═════ DATASET RECORDS

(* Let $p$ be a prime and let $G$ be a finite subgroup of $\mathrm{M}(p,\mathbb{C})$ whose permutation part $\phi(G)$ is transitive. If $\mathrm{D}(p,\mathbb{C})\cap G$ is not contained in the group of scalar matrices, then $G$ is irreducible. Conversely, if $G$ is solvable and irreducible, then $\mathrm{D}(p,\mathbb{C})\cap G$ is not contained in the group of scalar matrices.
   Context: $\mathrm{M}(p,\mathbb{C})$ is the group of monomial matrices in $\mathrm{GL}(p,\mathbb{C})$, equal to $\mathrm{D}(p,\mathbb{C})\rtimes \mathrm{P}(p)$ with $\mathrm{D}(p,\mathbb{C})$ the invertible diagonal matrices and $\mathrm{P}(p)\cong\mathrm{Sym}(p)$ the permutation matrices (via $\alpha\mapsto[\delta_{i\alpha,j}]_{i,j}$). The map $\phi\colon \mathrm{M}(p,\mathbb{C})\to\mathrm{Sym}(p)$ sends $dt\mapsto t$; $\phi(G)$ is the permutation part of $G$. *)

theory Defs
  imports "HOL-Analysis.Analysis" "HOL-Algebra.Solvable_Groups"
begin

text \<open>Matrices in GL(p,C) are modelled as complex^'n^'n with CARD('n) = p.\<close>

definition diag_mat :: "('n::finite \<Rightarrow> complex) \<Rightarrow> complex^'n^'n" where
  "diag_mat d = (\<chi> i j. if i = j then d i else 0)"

══════════
═════ DATASET RECORDS

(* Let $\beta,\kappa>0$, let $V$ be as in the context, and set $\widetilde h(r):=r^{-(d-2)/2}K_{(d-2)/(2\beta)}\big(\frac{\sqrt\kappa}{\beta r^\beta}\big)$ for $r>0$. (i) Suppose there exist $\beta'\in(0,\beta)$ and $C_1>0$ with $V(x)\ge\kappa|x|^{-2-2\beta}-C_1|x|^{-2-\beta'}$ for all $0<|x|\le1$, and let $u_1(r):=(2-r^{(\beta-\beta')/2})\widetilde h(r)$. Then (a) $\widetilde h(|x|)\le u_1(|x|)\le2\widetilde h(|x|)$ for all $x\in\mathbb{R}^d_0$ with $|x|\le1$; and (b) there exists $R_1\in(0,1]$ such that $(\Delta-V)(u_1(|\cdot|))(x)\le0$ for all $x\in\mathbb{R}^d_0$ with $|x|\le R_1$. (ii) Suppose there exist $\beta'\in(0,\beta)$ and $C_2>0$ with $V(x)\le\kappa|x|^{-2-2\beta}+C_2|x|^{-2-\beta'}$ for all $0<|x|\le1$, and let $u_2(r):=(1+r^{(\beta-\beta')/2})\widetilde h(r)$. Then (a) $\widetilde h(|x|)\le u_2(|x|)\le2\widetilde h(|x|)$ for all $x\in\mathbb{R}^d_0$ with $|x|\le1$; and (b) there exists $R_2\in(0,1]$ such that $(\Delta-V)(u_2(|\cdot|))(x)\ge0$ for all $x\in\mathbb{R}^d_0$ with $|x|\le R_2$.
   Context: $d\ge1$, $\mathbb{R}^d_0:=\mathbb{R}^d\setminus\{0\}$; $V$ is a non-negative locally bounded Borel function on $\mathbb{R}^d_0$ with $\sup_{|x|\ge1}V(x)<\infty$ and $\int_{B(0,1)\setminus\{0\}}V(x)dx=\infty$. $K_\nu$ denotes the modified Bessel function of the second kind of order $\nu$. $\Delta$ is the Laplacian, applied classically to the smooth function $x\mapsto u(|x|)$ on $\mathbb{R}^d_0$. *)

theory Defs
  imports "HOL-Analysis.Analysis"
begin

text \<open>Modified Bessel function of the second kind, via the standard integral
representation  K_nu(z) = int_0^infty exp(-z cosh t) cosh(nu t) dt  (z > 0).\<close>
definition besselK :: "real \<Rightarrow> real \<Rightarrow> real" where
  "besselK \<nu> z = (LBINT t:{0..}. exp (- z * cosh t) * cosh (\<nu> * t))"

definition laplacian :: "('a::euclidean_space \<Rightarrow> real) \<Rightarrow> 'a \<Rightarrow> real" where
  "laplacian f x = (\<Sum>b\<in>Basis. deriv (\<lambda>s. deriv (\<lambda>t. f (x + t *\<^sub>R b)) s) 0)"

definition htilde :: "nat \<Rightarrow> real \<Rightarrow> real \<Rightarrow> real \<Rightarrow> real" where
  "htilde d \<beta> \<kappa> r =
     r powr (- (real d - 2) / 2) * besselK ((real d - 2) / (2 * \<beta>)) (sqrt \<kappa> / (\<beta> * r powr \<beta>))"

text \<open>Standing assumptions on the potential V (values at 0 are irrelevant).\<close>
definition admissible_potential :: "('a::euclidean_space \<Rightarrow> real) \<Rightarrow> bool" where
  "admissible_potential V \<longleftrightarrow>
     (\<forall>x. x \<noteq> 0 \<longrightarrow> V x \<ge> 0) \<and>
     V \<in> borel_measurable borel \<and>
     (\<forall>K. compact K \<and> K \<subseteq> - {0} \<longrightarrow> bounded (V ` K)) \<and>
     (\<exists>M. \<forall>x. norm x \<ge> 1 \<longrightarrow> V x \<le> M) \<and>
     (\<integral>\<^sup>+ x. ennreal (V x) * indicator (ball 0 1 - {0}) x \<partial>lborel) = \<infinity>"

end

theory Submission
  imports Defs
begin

══════════

» EXERCISE
Work out the number of lines in the records containing the word "Analysis". Write only that number.

» RESULT
2